AIM OF THE TASK:
Would you retype, word for word, the line with "qed (use f LT_f" and every line after it through the end of the records below?

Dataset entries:

theorem proposition4:
  fixes p :: nat
  assumes "prime p"
  shows "\<exists>C::real. \<forall>s1 s2 :: complex. Re s1 > C \<and> Re s2 > C \<longrightarrow>
     integrable (Zp3_haar p) (integrand p s1 s2) \<and>
     ((\<lambda>S. zeta_term S s1 s2) has_sum
        (complex_of_real (inverse ((1 - 1 / real p)^2)) * integral\<^sup>L (Zp3_haar p) (integrand p s1 s2)))
       (p_subrings p)"
proof (intro exI[of _ 2] allI impI conjI)
  fix s1 s2 :: complex
  assume "Re s1 > 2 \<and> Re s2 > 2"
  then have s: "Re s1 \<ge> 2" "Re s2 \<ge> 2" by auto
  show "integrable (Zp3_haar p) (integrand p s1 s2)" by (rule integral_integrand(1)[OF assms s])
  have "(1 - 1 / real p)^2 \<noteq> 0" using prime_gt_1_nat[OF assms] by simp
  then have "complex_of_real (inverse ((1 - 1 / real p)^2)) * integral\<^sup>L (Zp3_haar p) (integrand p s1 s2)
      = infsum (hnf_zeta_term p s1 s2) (hnf_params p)"
    by (simp add: integral_integrand(2)[OF assms s] of_real_inverse)
  then show "((\<lambda>S. zeta_term S s1 s2) has_sum
      (complex_of_real (inverse ((1 - 1 / real p)^2)) * integral\<^sup>L (Zp3_haar p) (integrand p s1 s2)))
      (p_subrings p)"
    using has_sum_zeta_term_p_subrings[OF assms s] by simp
qed

end
(* For every group $G$ and every ring $k$, the set $D^1(k[G])$ with its addition and multiplication is a ring with unit $(1_G,0)$ and zero element $(0,0)$.
   Context: For a ring $k$ and group $G$, $k[G]$ is the group ring, and $(k[G])[G]$ is the set of finitely supported maps $\beta\colon G\to k[G]$, $g\mapsto\beta(g)$, with $\beta(g)(h)\in k$. $D^1(k[G])=k[G]\times(k[G])[G]$ with componentwise addition and multiplication $(\alpha_1,\beta_1)*(\alpha_2,\beta_2)=(\alpha_1\alpha_2,\ \alpha_1\beta_2+\beta_1\alpha_2+\beta_1\beta_2)$, where $\alpha_1\alpha_2$ is the group ring product and, for $\alpha\in k[G]$, $\beta,\gamma\in(k[G])[G]$, $g,h\in G$: $(\alpha\beta)(g)(h)=\sum_{t\in G}\alpha(t)\beta(gt)(t^{-1}h)$, $(\beta\alpha)(g)(h)=\sum_{t\in G}\beta(g)(t)\alpha(t^{-1}h)$, $(\beta\gamma)(g)(h)=\sum_{t\in G}\beta(g)(t)\gamma(gt)(t^{-1}h)$. *)

theory Defs
  imports "HOL-Algebra.Ring" "HOL-Algebra.Group"
begin

text \<open>This renders the
  formally infinite sums over t in G, whose summands have finite support.\<close>
definition fs_sum :: "('k, 'c) ring_scheme \<Rightarrow> 'g set \<Rightarrow> ('g \<Rightarrow> 'k) \<Rightarrow> 'k" where
  "fs_sum k A f = finsum k f {x \<in> A. f x \<noteq> \<zero>\<^bsub>k\<^esub>}"

definition grp_ring_carrier :: "('g, 'b) monoid_scheme \<Rightarrow> ('k, 'c) ring_scheme \<Rightarrow> ('g \<Rightarrow> 'k) set" where
  "grp_ring_carrier G k = {\<alpha>. (\<forall>x\<in>carrier G. \<alpha> x \<in> carrier k)
      \<and> (\<forall>x. x \<notin> carrier G \<longrightarrow> \<alpha> x = \<zero>\<^bsub>k\<^esub>)
      \<and> finite {x \<in> carrier G. \<alpha> x \<noteq> \<zero>\<^bsub>k\<^esub>}}"

definition gr_zero :: "('g, 'b) monoid_scheme \<Rightarrow> ('k, 'c) ring_scheme \<Rightarrow> 'g \<Rightarrow> 'k" where
  "gr_zero G k = (\<lambda>x. \<zero>\<^bsub>k\<^esub>)"

definition gr_one :: "('g, 'b) monoid_scheme \<Rightarrow> ('k, 'c) ring_scheme \<Rightarrow> 'g \<Rightarrow> 'k" where
  "gr_one G k = (\<lambda>x. if x = \<one>\<^bsub>G\<^esub> then \<one>\<^bsub>k\<^esub> else \<zero>\<^bsub>k\<^esub>)"

definition gr_add :: "('g, 'b) monoid_scheme \<Rightarrow> ('k, 'c) ring_scheme \<Rightarrow> ('g \<Rightarrow> 'k) \<Rightarrow> ('g \<Rightarrow> 'k) \<Rightarrow> 'g \<Rightarrow> 'k" where
  "gr_add G k a b = (\<lambda>x. if x \<in> carrier G then a x \<oplus>\<^bsub>k\<^esub> b x else \<zero>\<^bsub>k\<^esub>)"

definition gr_mult :: "('g, 'b) monoid_scheme \<Rightarrow> ('k, 'c) ring_scheme \<Rightarrow> ('g \<Rightarrow> 'k) \<Rightarrow> ('g \<Rightarrow> 'k) \<Rightarrow> 'g \<Rightarrow> 'k" where
  "gr_mult G k a b = (\<lambda>h. if h \<in> carrier G
      then fs_sum k (carrier G) (\<lambda>t. a t \<otimes>\<^bsub>k\<^esub> b (inv\<^bsub>G\<^esub> t \<otimes>\<^bsub>G\<^esub> h))
      else \<zero>\<^bsub>k\<^esub>)"

definition grgr_carrier :: "('g, 'b) monoid_scheme \<Rightarrow> ('k, 'c) ring_scheme \<Rightarrow> ('g \<Rightarrow> 'g \<Rightarrow> 'k) set" where
  "grgr_carrier G k = {\<beta>. (\<forall>g\<in>carrier G. \<beta> g \<in> grp_ring_carrier G k)
      \<and> (\<forall>g. g \<notin> carrier G \<longrightarrow> \<beta> g = gr_zero G k)
      \<and> finite {g \<in> carrier G. \<beta> g \<noteq> gr_zero G k}}"

definition grgr_add :: "('g, 'b) monoid_scheme \<Rightarrow> ('k, 'c) ring_scheme \<Rightarrow> ('g \<Rightarrow> 'g \<Rightarrow> 'k) \<Rightarrow> ('g \<Rightarrow> 'g \<Rightarrow> 'k) \<Rightarrow> 'g \<Rightarrow> 'g \<Rightarrow> 'k" where
  "grgr_add G k \<beta> \<gamma> = (\<lambda>g. if g \<in> carrier G then gr_add G k (\<beta> g) (\<gamma> g) else gr_zero G k)"

definition act_left :: "('g, 'b) monoid_scheme \<Rightarrow> ('k, 'c) ring_scheme \<Rightarrow> ('g \<Rightarrow> 'k) \<Rightarrow> ('g \<Rightarrow> 'g \<Rightarrow> 'k) \<Rightarrow> 'g \<Rightarrow> 'g \<Rightarrow> 'k" where
  "act_left G k \<alpha> \<beta> = (\<lambda>g h. if g \<in> carrier G \<and> h \<in> carrier G
      then fs_sum k (carrier G) (\<lambda>t. \<alpha> t \<otimes>\<^bsub>k\<^esub> \<beta> (g \<otimes>\<^bsub>G\<^esub> t) (inv\<^bsub>G\<^esub> t \<otimes>\<^bsub>G\<^esub> h))
      else \<zero>\<^bsub>k\<^esub>)"

definition act_right :: "('g, 'b) monoid_scheme \<Rightarrow> ('k, 'c) ring_scheme \<Rightarrow> ('g \<Rightarrow> 'g \<Rightarrow> 'k) \<Rightarrow> ('g \<Rightarrow> 'k) \<Rightarrow> 'g \<Rightarrow> 'g \<Rightarrow> 'k" where
  "act_right G k \<beta> \<alpha> = (\<lambda>g h. if g \<in> carrier G \<and> h \<in> carrier G
      then fs_sum k (carrier G) (\<lambda>t. \<beta> g t \<otimes>\<^bsub>k\<^esub> \<alpha> (inv\<^bsub>G\<^esub> t \<otimes>\<^bsub>G\<^esub> h))
      else \<zero>\<^bsub>k\<^esub>)"

definition grgr_mult :: "('g, 'b) monoid_scheme \<Rightarrow> ('k, 'c) ring_scheme \<Rightarrow> ('g \<Rightarrow> 'g \<Rightarrow> 'k) \<Rightarrow> ('g \<Rightarrow> 'g \<Rightarrow> 'k) \<Rightarrow> 'g \<Rightarrow> 'g \<Rightarrow> 'k" where
  "grgr_mult G k \<beta> \<gamma> = (\<lambda>g h. if g \<in> carrier G \<and> h \<in> carrier G
      then fs_sum k (carrier G) (\<lambda>t. \<beta> g t \<otimes>\<^bsub>k\<^esub> \<gamma> (g \<otimes>\<^bsub>G\<^esub> t) (inv\<^bsub>G\<^esub> t \<otimes>\<^bsub>G\<^esub> h))
      else \<zero>\<^bsub>k\<^esub>)"

definition D1 :: "('g, 'b) monoid_scheme \<Rightarrow> ('k, 'c) ring_scheme
    \<Rightarrow> (('g \<Rightarrow> 'k) \<times> ('g \<Rightarrow> 'g \<Rightarrow> 'k)) ring" where
  "D1 G k = \<lparr>carrier = grp_ring_carrier G k \<times> grgr_carrier G k,
     mult = (\<lambda>(a1, b1) (a2, b2). (gr_mult G k a1 a2,
         grgr_add G k (grgr_add G k (act_left G k a1 b2) (act_right G k b1 a2)) (grgr_mult G k b1 b2))),
     one = (gr_one G k, \<lambda>g. gr_zero G k),
     zero = (gr_zero G k, \<lambda>g. gr_zero G k),
     add = (\<lambda>(a1, b1) (a2, b2). (gr_add G k a1 a2, grgr_add G k b1 b2))\<rparr>"
lemma term_ordering_W_deg_lex: "term_ordering n (W_deg_lex W)"
  unfolding term_ordering_def W_deg_lex_def
  using zero_le_term W_deg_add W_deg_zero by (auto simp: add_right_mono intro: order_trans)

lemma compatible_with_grading_W_deg_lex: "compatible_with_grading n W (W_deg_lex W)"
  unfolding compatible_with_grading_def W_deg_lex_def by auto

lemma LT_eq_if_W_deg_greatest:
  assumes to: "term_ordering n ord" and cg: "compatible_with_grading n W ord"
    and f: "Poly_Mapping.keys f \<subseteq> terms_in n" and t: "t \<in> Poly_Mapping.keys f"
    and greatest: "\<forall>u\<in>Poly_Mapping.keys f - {t}. W_deg W u < W_deg W t"
  shows "LT ord f = t"
  unfolding LT_def
proof (rule the_equality)
  have below: "ord u t \<and> u \<noteq> t" if "u \<in> Poly_Mapping.keys f" "u \<noteq> t" for u
    using cg greatest f t that unfolding compatible_with_grading_def by blast
  moreover have "ord t t" using to f t by (auto simp: term_ordering_def)
  ultimately show "t \<in> Poly_Mapping.keys f \<and> (\<forall>u\<in>Poly_Mapping.keys f. ord u t)"
    using t by blast
  fix t' assume t': "t' \<in> Poly_Mapping.keys f \<and> (\<forall>u\<in>Poly_Mapping.keys f. ord u t')"
  show "t' = t"
  proof (rule ccontr)
    assume "t' \<noteq> t"
    with below t' t have "ord t' t" "ord t t'" by auto
    with to f t t' show False using \<open>t' \<noteq> t\<close> unfolding term_ordering_def by blast
  qed
qed

theorem mainTheorem2:
  fixes n :: nat and gs :: "('a::field) mpoly list" and Z :: "nat list"
  assumes "\<forall>g\<in>set gs. g \<in> polys_in n"
    and "distinct Z" and "\<forall>z\<in>set Z. z < n"
  shows "CHECK n gs Z \<noteq> None \<and>
    (\<forall>W. CHECK n gs Z = Some (Weights W) \<longrightarrow>
       length W = n \<and>
       (\<exists>f::nat \<Rightarrow> 'a mpoly.
          (\<forall>i<length Z. f i \<in> span_K gs) \<and>
          (\<forall>ord. term_ordering n ord \<and> compatible_with_grading n W ord \<longrightarrow>
                (\<forall>i<length Z. f i \<noteq> 0 \<and> LT ord (f i) = var_term (Z ! i))) \<and>
          (\<forall>i<length Z. f i \<in> ideal_gen n gs) \<and>
          (\<exists>ord. term_ordering n ord \<and> (\<forall>i<length Z. f i \<noteq> 0 \<and> LT ord (f i) = var_term (Z ! i)))))"
proof (intro conjI allI impI CHECK_terminates)
  fix W assume CW: "CHECK n gs Z = Some (Weights W)"
  show "length W = n" using CHECK_Weights_separators[OF assms(2,3) CW] by blast
  have "\<forall>i. \<exists>h. i < length Z \<longrightarrow> h \<in> span_K gs \<and> Poly_Mapping.lookup h (var_term (Z ! i)) = 1 \<and>
      (\<forall>u\<in>Poly_Mapping.keys h - {var_term (Z ! i)}. W_deg W u < W_deg W (var_term (Z ! i)))"
    using CHECK_Weights_separators[OF assms(2,3) CW] by (meson nth_mem)
  then obtain f where f: "\<And>i. i < length Z \<Longrightarrow> f i \<in> span_K gs \<and>
      Poly_Mapping.lookup (f i) (var_term (Z ! i)) = 1 \<and>
      (\<forall>u\<in>Poly_Mapping.keys (f i) - {var_term (Z ! i)}. W_deg W u < W_deg W (var_term (Z ! i)))"
    by metis
  have keys_f: "Poly_Mapping.keys (f i) \<subseteq> terms_in n" if "i < length Z" for i
    using keys_span_K f[OF that] assms(1) by (fastforce simp: terms_of_def polys_in_def)
  have LT_f: "f i \<noteq> 0 \<and> LT ord (f i) = var_term (Z ! i)"
    if "term_ordering n ord" "compatible_with_grading n W ord" "i < length Z" for ord i
    using f[OF that(3)] LT_eq_if_W_deg_greatest[OF that(1,2) keys_f[OF that(3)]]
    by (auto simp: in_keys_iff)
  show "\<exists>f::nat \<Rightarrow> 'a mpoly. (\<forall>i<length Z. f i \<in> span_K gs) \<and>
      (\<forall>ord. term_ordering n ord \<and> compatible_with_grading n W ord \<longrightarrow>
        (\<forall>i<length Z. f i \<noteq> 0 \<and> LT ord (f i) = var_term (Z ! i))) \<and>
      (\<forall>i<length Z. f i \<in> ideal_gen n gs) \<and>
      (\<exists>ord. term_ordering n ord \<and> (\<forall>i<length Z. f i \<noteq> 0 \<and> LT ord (f i) = var_term (Z ! i)))"
  proof (intro exI[of _ f] conjI allI impI)
    show "\<exists>ord. term_ordering n ord \<and> (\<forall>i<length Z. f i \<noteq> 0 \<and> LT ord (f i) = var_term (Z ! i))"
      using LT_f term_ordering_W_deg_lex compatible_with_grading_W_deg_lex by blast
  qed (use f LT_f span_K_subset_ideal_gen in blast)+
qed

end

WRITTEN RESPONSE:
  qed (use f LT_f span_K_subset_ideal_gen in blast)+
qed

end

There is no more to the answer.